Я хорошо знал тюрьму. Это был старинный средневековый монастырь. Монахов заменили заключенные. Вот и все. Во всем прочем это место не слишком изменилось. Трапезная стала столовой, кельи — камерами. Просто добавили решетки, двери, замки и приделали по верху стен колья, ощетинившиеся колючками. Свет с трудом проникал в это обширное здание. Там всегда было сумрачно, даже в самые солнечные дни.
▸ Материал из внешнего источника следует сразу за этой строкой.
(* Let $\Phi=(G,\varphi)$ be a complex unit gain graph with a pendant vertex $u$ whose unique neighbour is $v$, and let $F^{\varphi}=\Phi-u-v$ with underlying graph $F=G-u-v$. If $r(\Phi)=r(G)+2\theta(G)$ (respectively $r(\Phi)=r(G)-2\theta(G)$), then $v$ does not lie on any cycle of $G$, and $r(F^{\varphi})=r(F)+2\theta(F)$ (respectively $r(F^{\varphi})=r(F)-2\theta(F)$).
   Context: A complex unit gain graph $\Phi=(G,\varphi)$ consists of a finite simple graph $G$ with vertex set $\{v_1,\dots,v_n\}$ and a gain function $\varphi$ assigning to each oriented edge $e_{ij}$ ($v_iv_j\in E(G)$) a complex number of modulus $1$ with $\varphi(e_{ji})=\overline{\varphi(e_{ij})}$. $A(\Phi)$ is the Hermitian matrix with $(i,j)$ entry $\varphi(e_{ij})$ if $v_iv_j\in E(G)$ and $0$ otherwise; $r(\Phi)$ is its rank; $r(\cdot)$ of a simple graph is the rank of its $0$-$1$ adjacency matrix. Induced subgraphs of $\Phi$ (such as $\Phi-u-v$, obtained by deleting $u,v$ and incident edges) carry the gains of $\Phi$. $\theta(G)=|E(G)|-|V(G)|+\omega(G)$, $\omega(G)$ the number of components. A pendant vertex is a vertex of degree $1$. *)

theory Defs
  imports Complex_Main
begin

definition simple_graph :: "'a set \<Rightarrow> ('a \<Rightarrow> 'a \<Rightarrow> bool) \<Rightarrow> bool" where
  "simple_graph V E \<longleftrightarrow> finite V \<and> (\<forall>x y. E x y \<longrightarrow> x \<in> V \<and> y \<in> V)
     \<and> (\<forall>x y. E x y \<longrightarrow> E y x) \<and> (\<forall>x. \<not> E x x)"

definition unit_gain :: "('a \<Rightarrow> 'a \<Rightarrow> bool) \<Rightarrow> ('a \<Rightarrow> 'a \<Rightarrow> complex) \<Rightarrow> bool" where
  "unit_gain E phi \<longleftrightarrow> (\<forall>x y. E x y \<longrightarrow> cmod (phi x y) = 1 \<and> phi y x = cnj (phi x y))"

definition gain_adj :: "('a \<Rightarrow> 'a \<Rightarrow> bool) \<Rightarrow> ('a \<Rightarrow> 'a \<Rightarrow> complex) \<Rightarrow> 'a \<Rightarrow> 'a \<Rightarrow> complex" where
  "gain_adj E phi i j = (if E i j then phi i j else 0)"

definition adj01 :: "('a \<Rightarrow> 'a \<Rightarrow> bool) \<Rightarrow> 'a \<Rightarrow> 'a \<Rightarrow> complex" where
  "adj01 E i j = (if E i j then 1 else 0)"

definition indep_cols :: "'a set \<Rightarrow> ('a \<Rightarrow> 'a \<Rightarrow> complex) \<Rightarrow> 'a set \<Rightarrow> bool" where
  "indep_cols V M S \<longleftrightarrow> S \<subseteq> V \<and>
     (\<forall>c. (\<forall>i\<in>V. (\<Sum>j\<in>S. c j * M i j) = 0) \<longrightarrow> (\<forall>j\<in>S. c j = 0))"

definition mrank :: "'a set \<Rightarrow> ('a \<Rightarrow> 'a \<Rightarrow> complex) \<Rightarrow> nat" where
  "mrank V M = Max (card ` {S. indep_cols V M S})"

definition reach :: "'a set \<Rightarrow> ('a \<Rightarrow> 'a \<Rightarrow> bool) \<Rightarrow> 'a \<Rightarrow> 'a \<Rightarrow> bool" where
  "reach V E = (\<lambda>x y. x \<in> V \<and> y \<in> V \<and> E x y)\<^sup>*\<^sup>*"

definition num_components :: "'a set \<Rightarrow> ('a \<Rightarrow> 'a \<Rightarrow> bool) \<Rightarrow> nat" where
  "num_components V E = card ((\<lambda>x. {y \<in> V. reach V E x y}) ` V)"

definition edge_set :: "'a set \<Rightarrow> ('a \<Rightarrow> 'a \<Rightarrow> bool) \<Rightarrow> 'a set set" where
  "edge_set V E = {{x, y} | x y. x \<in> V \<and> y \<in> V \<and> E x y}"

definition theta :: "'a set \<Rightarrow> ('a \<Rightarrow> 'a \<Rightarrow> bool) \<Rightarrow> int" where
  "theta V E = int (card (edge_set V E)) - int (card V) + int (num_components V E)"

definition on_cycle :: "'a set \<Rightarrow> ('a \<Rightarrow> 'a \<Rightarrow> bool) \<Rightarrow> 'a \<Rightarrow> bool" where
  "on_cycle V E v \<longleftrightarrow> (\<exists>xs. length xs \<ge> 3 \<and> distinct xs \<and> set xs \<subseteq> V \<and> hd xs = v
     \<and> (\<forall>i. Suc i < length xs \<longrightarrow> E (xs ! i) (xs ! Suc i)) \<and> E (last xs) (hd xs))"

end

theory Submission
  imports Defs
begin
lemma mu_image_le:
  assumes T: "homeomorphism M M T T'" and shift: "shifts_weighted_family I w \<rho> M e T"
    and K: "closed K" "K \<subseteq> M"
  shows "mu (T`K) \<le> exp e * mu K"
proof -
  obtain \<sigma> where \<sigma>: "bij_betw \<sigma> I I" and T\<rho>: "\<And>i x. i\<in>I \<Longrightarrow> x\<in>M \<Longrightarrow> T (\<rho> (\<sigma> i) x) = \<rho> i x"
    and weight: "\<And>i. i\<in>I \<Longrightarrow> w i \<le> exp e * w (\<sigma> i)"
    using shift unfolding shifts_weighted_family_def by blast
  let ?L = "\<lambda>i. w i * pushforward_length \<gamma> (\<rho> i) K"
  have length_eq: "pushforward_length \<gamma> (\<rho> i) (T`K) = pushforward_length \<gamma> (\<rho> (\<sigma> i)) K" if i: "i\<in>I" for i
  proof -
    have "\<rho> i (\<gamma> t) \<in> T`K \<longleftrightarrow> \<rho> (\<sigma> i) (\<gamma> t) \<in> K" if t: "t\<in>{0..1}" for t
    proof -
      have "\<gamma> t \<in> M" using t param_image by auto
      moreover have "\<sigma> i \<in> I" using \<sigma> i bij_betwE by blast
      ultimately have "\<rho> (\<sigma> i) (\<gamma> t) \<in> M" using homeo homeomorphism_image1 by blast
      moreover have "inj_on T M" using T by (metis homeomorphism_apply1 inj_on_inverseI)
      ultimately show ?thesis using T\<rho>[OF i \<open>\<gamma> t \<in> M\<close>, symmetric] K(2) by (auto dest: inj_onD)
    qed
    then show ?thesis by (auto simp: pushforward_length_def param_preimage_def intro!: arg_cong[where f="measure _"])
  qed
  have summable_shifted: "(\<lambda>i. ?L (\<sigma> i)) summable_on I"
    using summable_on_reindex_bij_betw[OF \<sigma>, of ?L] weighted_length_summable K by simp
  have "mu (T`K) = (\<Sum>\<^sub>\<infinity>i\<in>I. w i * pushforward_length \<gamma> (\<rho> (\<sigma> i)) K)"
    unfolding mu_def by (intro infsum_cong) (simp add: length_eq)
  also have "\<dots> \<le> (\<Sum>\<^sub>\<infinity>i\<in>I. exp e * ?L (\<sigma> i))"
  proof (rule infsum_mono)
    show "(\<lambda>i. exp e * ?L (\<sigma> i)) summable_on I"
      by (rule summable_on_cmult_right[OF summable_shifted])
    show le: "w i * pushforward_length \<gamma> (\<rho> (\<sigma> i)) K \<le> exp e * ?L (\<sigma> i)" if "i\<in>I" for i
      using weight[OF that] pushforward_length_nonneg[of \<gamma> "\<rho> (\<sigma> i)" K]
      by (simp add: mult_right_mono mult.assoc[symmetric])
    show "(\<lambda>i. w i * pushforward_length \<gamma> (\<rho> (\<sigma> i)) K) summable_on I"
      by (rule summable_on_comparison_test[OF summable_on_cmult_right[OF summable_shifted]])
         (use le weight_nonneg pushforward_length_nonneg in auto)
  qed
  also have "\<dots> = exp e * (\<Sum>\<^sub>\<infinity>i\<in>I. ?L (\<sigma> i))"
    by (rule infsum_cmult_right[OF summable_shifted])
  also have "(\<Sum>\<^sub>\<infinity>i\<in>I. ?L (\<sigma> i)) = mu K"
    unfolding mu_def using infsum_reindex_bij_betw[OF \<sigma>, of ?L] by simp
  finally show ?thesis .
qed
lemma gen_sigma_pair_subalgebras:
  assumes "X \<in> measurable M MX" and "Z \<in> measurable M MZ"
  shows "subalgebra M (gen_sigma M (\<lambda>\<omega>. (X \<omega>, Z \<omega>)) (MX \<Otimes>\<^sub>M MZ))"
    and "subalgebra (gen_sigma M (\<lambda>\<omega>. (X \<omega>, Z \<omega>)) (MX \<Otimes>\<^sub>M MZ)) (gen_sigma M Z MZ)"
proof -
  have XZ: "(\<lambda>\<omega>. (X \<omega>, Z \<omega>)) \<in> measurable M (MX \<Otimes>\<^sub>M MZ)" using assms by measurable
  show "subalgebra M (gen_sigma M (\<lambda>\<omega>. (X \<omega>, Z \<omega>)) (MX \<Otimes>\<^sub>M MZ))"
    using XZ by (rule subalgebra_gen_sigma)
  show "subalgebra (gen_sigma M (\<lambda>\<omega>. (X \<omega>, Z \<omega>)) (MX \<Otimes>\<^sub>M MZ)) (gen_sigma M Z MZ)"
    using subalgebra_gen_sigma_comp[OF XZ measurable_snd] by simp
qed

lemma sum_indicator_fibers:
  assumes "finite S"
  shows "(\<Sum>y\<in>S. indicator {\<omega> \<in> A. Y \<omega> = y} \<omega> :: real) = indicator {\<omega> \<in> A. Y \<omega> \<in> S} \<omega>"
proof -
  have "(\<Sum>y\<in>S. indicator {\<omega> \<in> A. Y \<omega> = y} \<omega> :: real) =
      (\<Sum>y\<in>S. if y = Y \<omega> then indicator A \<omega> else 0)"
    by (rule sum.cong) (auto simp: indicator_def)
  then show ?thesis using assms by (simp add: indicator_def)
qed

context finite_measure_subalgebra
begin

lemma integrable_cond_prob_pt:
  assumes "{\<omega> \<in> space M. Y \<omega> = y} \<in> sets M"
  shows "integrable M (cond_prob_pt M F Y y)"
  unfolding cond_prob_pt_def using assms by (intro real_cond_exp_int) (simp add: less_top[symmetric])

lemma integral_cond_prob_pt:
  assumes "{\<omega> \<in> space M. Y \<omega> = y} \<in> sets M"
  shows "(\<integral>\<omega>. cond_prob_pt M F Y y \<omega> \<partial>M) = measure M {\<omega> \<in> space M. Y \<omega> = y}"
  unfolding cond_prob_pt_def using assms
  by (subst real_cond_exp_int(2)) (simp_all add: less_top[symmetric] Int_absorb2)

lemma borel_measurable_cond_prob_pt [measurable]: "cond_prob_pt M F Y y \<in> borel_measurable M"
  unfolding cond_prob_pt_def by simp

lemma AE_cond_prob_pt_bounds:
  assumes "{\<omega> \<in> space M. Y \<omega> = y} \<in> sets M"
  shows "AE \<omega> in M. 0 \<le> cond_prob_pt M F Y y \<omega> \<and> cond_prob_pt M F Y y \<omega> \<le> 1"
proof -
  have "AE \<omega> in M. 0 \<le> cond_prob_pt M F Y y \<omega>"
    unfolding cond_prob_pt_def using assms by (intro real_cond_exp_pos) auto
  moreover have "AE \<omega> in M. cond_prob_pt M F Y y \<omega> \<le> 1"
    unfolding cond_prob_pt_def using assms
    by (intro real_cond_exp_le_c) (auto simp: less_top[symmetric] indicator_def)
  ultimately show ?thesis by eventually_elim simp
qed

lemma AE_sum_cond_prob_pt_le_1:
  assumes "finite S" and events: "\<And>y. y \<in> S \<Longrightarrow> {\<omega> \<in> space M. Y \<omega> = y} \<in> sets M"
  shows "AE \<omega> in M. (\<Sum>y\<in>S. cond_prob_pt M F Y y \<omega>) \<le> 1"
proof -
  \<comment> \<open>\<open>real_cond_exp_sum\<close> wants every summand integrable, also outside \<open>S\<close>.\<close>
  define f :: "_ \<Rightarrow> 'a \<Rightarrow> real"
    where "f y = (if y \<in> S then indicator {\<omega> \<in> space M. Y \<omega> = y} else (\<lambda>_. 0))" for y
  have f_int: "integrable M (f y)" for y
    using events by (simp add: f_def less_top[symmetric])
  have sum_eq: "(\<Sum>y\<in>S. real_cond_exp M F (f y) \<omega>) = (\<Sum>y\<in>S. cond_prob_pt M F Y y \<omega>)" for \<omega>
    by (rule sum.cong) (simp_all add: f_def cond_prob_pt_def)
  have "AE \<omega> in M. real_cond_exp M F (\<lambda>\<omega>. \<Sum>y\<in>S. f y \<omega>) \<omega> = (\<Sum>y\<in>S. real_cond_exp M F (f y) \<omega>)"
    using f_int by (rule real_cond_exp_sum)
  moreover have "AE \<omega> in M. real_cond_exp M F (\<lambda>\<omega>. \<Sum>y\<in>S. f y \<omega>) \<omega> \<le> 1"
  proof (rule real_cond_exp_le_c)
    show "integrable M (\<lambda>\<omega>. \<Sum>y\<in>S. f y \<omega>)" using f_int by auto
    have "(\<Sum>y\<in>S. f y \<omega>) = indicator {\<omega> \<in> space M. Y \<omega> \<in> S} \<omega>" for \<omega>
      unfolding sum_indicator_fibers[OF \<open>finite S\<close>, symmetric] by (rule sum.cong) (simp_all add: f_def)
    then show "AE \<omega> in M. (\<Sum>y\<in>S. f y \<omega>) \<le> 1" by (simp add: indicator_def)
  qed
  ultimately show ?thesis by eventually_elim (simp add: sum_eq)
qed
Единственным желанием, которое испытывали входившие туда люди, было поскорее покинуть это место, и лучше бегом.
В тюрьме я сказал, что меня прислал судья. Это была неправда, но никто не стал проверять. Меня все знали.
Когда сторож открыл дверь в камеру маленького бретонца, я поначалу ничего не увидел. Но сразу же услышал. Узник тихонечко пел, детским голоском, довольно приятным. Сторож впустил меня и запер за моей спиной дверь. Глаза привыкли к сумраку камеры, и я заметил бретонца. Он был в прострации, сидел в углу, подтянув колени к подбородку, и беспрерывно качал головой, не переставая при этом петь. Тогда я видел его впервые. Он выглядел моложе своих лет. У него были прекрасные белокурые волосы и голубые глаза. Он смотрел в пол. Не знаю, услышал ли он, как я вошел, но когда я заговорил, он не удивился.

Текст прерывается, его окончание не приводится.